Health Systems Leadership (HSL)
Edgar Pierluissi, MD - Director | [email protected]
Edgar Pierluissi has cared for vulnerable populations his entire career and is committed to healthcare quality improvement. He grew up in Chicago and received his MD from Harvard Medical School and completed training and Chief Residency in Internal Medicine at UCSF and a fellowship in Quality Improvement through the Veterans Affairs National Quality Scholars Fellowship. After working at the County of San Mateo as a staff physician, as the medical director of the North County Health Center, and as VP for Quality Improvement for the San Mateo Medical Center and community clinics, he returned to join the UCSF Division of Geriatrics in 2006 as the Founding Medical Director of the Acute Care for Elders Unit at Zuckerberg San Francisco General Hospital. He has led the Health Systems Leadership track focusing on quality improvement and healthcare policy since 2012. He was named a Master Clinician in the Department of Medicine in 2018. When he is not working you can find him backpacking, flyfishing, traveling, baking bread, making jam, or in his garden.
Molecular Medicine
Neil Shah, MD, PhD - Director | [email protected]

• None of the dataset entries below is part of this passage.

fun rsem :: "interp \<Rightarrow> state \<Rightarrow> rtm \<Rightarrow> real"
  and nsem :: "interp \<Rightarrow> state \<Rightarrow> ntm \<Rightarrow> nat"
  and csem :: "interp \<Rightarrow> state \<Rightarrow> ctm \<Rightarrow> chan"
  and tsem :: "interp \<Rightarrow> state \<Rightarrow> ttm \<Rightarrow> trace"
  and asem :: "interp \<Rightarrow> state \<Rightarrow> trm \<Rightarrow> dval" where
  "rsem I v (RVarT x) = rs v x"
| "rsem I v (RFun f C as) = the_R (I f (map (asem I (sproj v C)) as))"
| "rsem I v (RPlus a b) = rsem I v a + rsem I v b"
| "rsem I v (RTimes a b) = rsem I v a * rsem I v b"
| "rsem I v (RDiff p) = (\<Sum>x\<in>pvars p. rs v (Dif x) * deriv (\<lambda>r. peval ((rs v)(x := r)) p) (rs v x))"
| "rsem I v (Val te) = tval (tsem I v te)"
| "rsem I v (Time te) = ttime (tsem I v te)"
| "nsem I v (NVarT n) = ns v n"
| "nsem I v (NFun f C as) = the_N (I f (map (asem I (sproj v C)) as))"
| "nsem I v (NPlus a b) = nsem I v a + nsem I v b"
| "nsem I v (Len te) = length (tsem I v te)"
| "csem I v (CFun f C as) = the_C (I f (map (asem I (sproj v C)) as))"
| "csem I v (Chan te) = tchan (tsem I v te)"
| "tsem I v (TVarT h) = ts v h"
| "tsem I v (TFun f C as) = the_T (I f (map (asem I (sproj v C)) as))"
| "tsem I v (Comm ch p q) = [(ch, peval (rs v) p, peval (rs v) q)]"
| "tsem I v (Cat a b) = tsem I v a @ tsem I v b"
| "tsem I v (Proj te C) = tproj (tsem I v te) C"
| "tsem I v (At te i) = tat (tsem I v te) (nsem I v i)"
| "asem I v (AR t) = Rval (rsem I v t)"
| "asem I v (AN t) = Nval (nsem I v t)"
| "asem I v (AC t) = Cval (csem I v t)"
| "asem I v (AT t) = Tval (tsem I v t)"

definition FV :: "trm \<Rightarrow> var set" where
  "FV e = {z. \<exists>I v w. is_interp I \<and> is_state v \<and> is_state w \<and> agree v w (- {z})
              \<and> asem I v e \<noteq> asem I w e}"

definition CN :: "trm \<Rightarrow> chan set" where
  "CN e = {ch. \<exists>I v w. is_interp I \<and> is_state v \<and> is_state w
              \<and> sproj v (- {ch}) = sproj w (- {ch}) \<and> asem I v e \<noteq> asem I w e}"

definition Sigma :: "trm \<Rightarrow> fsym set" where
  "Sigma e = sig_a e"

end

theory Submission
  imports Defs
begin

text \<open>A term coincides on states agreeing on the finitely many variables occurring in it.
  Since FV and CN are defined semantically by changing a single variable or a single channel,
  agreement on FV is reached from agreement on the occurring variables by changing the finitely
  many occurring variables outside FV one at a time, each change being invisible. Likewise only
  finitely many channels occur in the traces of the occurring trace variables, and projecting away
  each of them that lies outside CN is invisible.\<close>

lemma finite_pvars: "finite (pvars p)"
  by (induction p) auto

Neil Shah is the Edward S. Ageno Distinguished Professor in Hematology/Oncology and has served as Director of the Molecular Medicine Residency Pathway since 2015. He completed his MD and PhD training at UCLA, where he remained for clinical training in Internal Medicine and Hematology/Oncology. He was recruited to UCSF in 2006 and has led a laboratory research program focused on targeted therapeutics for hematologic malignancies. In addition to working to support lab-based physician-scientists, he is working to make this career path a reality for individuals from diverse backgrounds.
Aparna Sundaram, MD -- Associate Director | [email protected]

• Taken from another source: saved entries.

lemma card_directions_hitting_K_at:
  assumes "t \<noteq> 0"
  shows "card {d \<in> nonzero_vectors (2 * v). vadd X (vscale t d) \<in> setK v} = card (setK v :: 'a list set)"
proof -
  let ?f = "\<lambda>d. vadd X (vscale t d)" and ?g = "\<lambda>k. vscale (inverse t) (vadd k (vscale (-1) X))"
  have f_g: "?f (?g k) = k" if "k \<in> setK v" for k
    using assms length_X that by (auto intro!: nth_equalityI simp: setK_def field_simps)
  have "bij_betw ?f {d \<in> nonzero_vectors (2 * v). ?f d \<in> setK v} (setK v)"
  proof (rule bij_betw_byWitness[where f' = ?g])
    show "\<forall>d \<in> {d \<in> nonzero_vectors (2 * v). ?f d \<in> setK v}. ?g (?f d) = d"
      using assms length_X by (auto intro!: nth_equalityI simp: nonzero_vectors_def field_simps)
    show "\<forall>k \<in> setK v. ?f (?g k) = k"
      using f_g by blast
    show "?f ` {d \<in> nonzero_vectors (2 * v). ?f d \<in> setK v} \<subseteq> setK v" by blast
    show "?g ` setK v \<subseteq> {d \<in> nonzero_vectors (2 * v). ?f d \<in> setK v}"
    proof (rule image_subsetI)
      fix k :: "'a list" assume k: "k \<in> setK v"
      have "?g k \<noteq> replicate (2 * v) 0"
      proof
        assume "?g k = replicate (2 * v) 0"
        then have "?f (?g k) = X"
          using length_X by (auto intro!: nth_equalityI)
        with f_g[OF k] k X_notin_K show False by simp
      qed
      then show "?g k \<in> {d \<in> nonzero_vectors (2 * v). ?f d \<in> setK v}"
        using f_g[OF k] k length_X by (auto simp: nonzero_vectors_def setK_def)
    qed
  qed
  then show ?thesis by (rule bij_betw_same_card)
qed

lemma sum_card_K_hits:
  "(\<Sum>d \<in> nonzero_vectors (2 * v). card (K_hits v X d))
     = (card (UNIV :: 'a set) - 1) * card (UNIV :: 'a set) ^ v"
proof -
  have "K_hits v X d = {t \<in> UNIV - {0}. vadd X (vscale t d) \<in> setK v}" for d
    by (auto simp: K_hits_def)
  moreover have "(\<Sum>d \<in> nonzero_vectors (2 * v). card {t \<in> UNIV - {0}. vadd X (vscale t d) \<in> setK v})
      = (\<Sum>t \<in> UNIV - {0::'a}. card (setK v :: 'a list set))"
    by (rule sum_multicount_gen[where R = "\<lambda>d t. vadd X (vscale t d) \<in> setK v"])
      (auto simp: finite_nonzero_vectors card_directions_hitting_K_at)
  ultimately have "(\<Sum>d \<in> nonzero_vectors (2 * v). card (K_hits v X d))
      = (\<Sum>t \<in> UNIV - {0::'a}. card (setK v :: 'a list set))"
    by simp
  then show ?thesis
    by (simp add: card_setK card_Diff_singleton)
qed

lemma two_K_hits_iff_squares:
  assumes t: "t1 \<noteq> 0" "t2 \<noteq> 0" "t1 \<noteq> t2" and d: "length d = 2 * v"
  shows "t1 \<in> K_hits v X d \<and> t2 \<in> K_hits v X d \<longleftrightarrow>
    (\<forall>i<v. d ! (2 * i + 1) = (t1 + t2) * (d ! (2 * i)) ^ 2
           \<and> (d ! (2 * i)) ^ 2 = - parabola_defect X i / (t1 * t2))"
proof -
  have "c + t1 * t2 * F = 0 \<longleftrightarrow> F = - c / (t1 * t2)" for c F
    using t(1,2) by (auto simp: field_simps eq_neg_iff_add_eq_0)
  then show ?thesis
    using two_K_hits_iff[OF char2 length_X d t(3)] t(1,2) by simp
qed

lemma ex1_direction_K_hits:
  assumes t: "t1 \<noteq> 0" "t2 \<noteq> 0" "t1 \<noteq> t2"
  shows "\<exists>!d. d \<in> nonzero_vectors (2 * v) \<and> t1 \<in> K_hits v X d \<and> t2 \<in> K_hits v X d"
proof -
  let ?hits = "\<lambda>d. t1 \<in> K_hits v X d \<and> t2 \<in> K_hits v X d"
  note hits_iff = two_K_hits_iff_squares[OF t]
  have "\<forall>i. \<exists>r. r ^ 2 = - parabola_defect X i / (t1 * t2)"
    using char2_finite_exists_sqrt[OF char2] by blast
  then obtain s where s: "\<And>i. (s i) ^ 2 = - parabola_defect X i / (t1 * t2)"
    by metis
  define d where "d = map (\<lambda>j. if even j then s (j div 2) else (t1 + t2) * (s (j div 2)) ^ 2) [0..<2 * v]"
  have d: "length d = 2 * v" "\<And>i. i < v \<Longrightarrow> d ! (2 * i) = s i"
    "\<And>i. i < v \<Longrightarrow> d ! (2 * i + 1) = (t1 + t2) * (s i) ^ 2"
    by (simp_all add: d_def)
  obtain i where i: "i < v" "parabola_defect X i \<noteq> 0"
    by (rule exists_parabola_defect_nonzero)
  have "d ! (2 * i) \<noteq> 0"
    using s[of i] d(2)[OF i(1)] i(2) t(1,2) by auto
  then have d_nonzero: "d \<in> nonzero_vectors (2 * v)"
    using d(1) i(1) by (auto simp: nonzero_vectors_def)
  have d_hits: "?hits d"
    using hits_iff[OF d(1)] d(2,3) s by simp
  have unique: "d' = d" if d'_hits: "d' \<in> nonzero_vectors (2 * v) \<and> ?hits d'" for d'
  proof -
    have d': "length d' = 2 * v" using d'_hits by (simp add: nonzero_vectors_def)
    have even: "d' ! (2 * i) = d ! (2 * i)" if "i < v" for i
      using hits_iff[OF d'] d'_hits d(2) s that by (auto intro: char2_power2_inj[OF char2])
    have odd: "d' ! (2 * i + 1) = d ! (2 * i + 1)" if "i < v" for i
      using hits_iff[OF d'] d'_hits d(3) s that by auto
    show "d' = d"
      by (rule nth_equality_pairs[OF d' d(1) even odd])
  qed
  show ?thesis
  proof (rule ex1I)
    show "d \<in> nonzero_vectors (2 * v) \<and> ?hits d" using d_nonzero d_hits by blast
  qed (rule unique)
qed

Aparna B. Sundaram, MD is an Assistant Professor in Residence at UCSF, where she attends in the intensive care units at Moffitt-Long Hospital. Dr. Sundaram received her undergraduate and medical degrees from Northwestern University. She completed her residency in Internal Medicine at Northwestern, and came to UCSF for Pulmonary/Critical Care Medicine fellowship. After completing additional research training with Dr. Dean Sheppard, she joined the faculty of the division in 2014. Dr. Sundaram has also taken an active role in mentorship of trainees and has served as a facilitator for the inquiry curriculum in the UCSF School of Medicine.
Dr. Sundaram’s primary academic focus is the development of a more detailed understanding of the mechanisms of smooth muscle mediated airway narrowing that play a role in chronic airway diseases such as asthma and COPD. Her current research focuses on the role of cellular tethering proteins in regulating force transmission, with the goal of leveraging these targets to design more potent inhibitors of smooth muscle contraction using a combination of in vitro, ex vivo, and in vivo models of disease.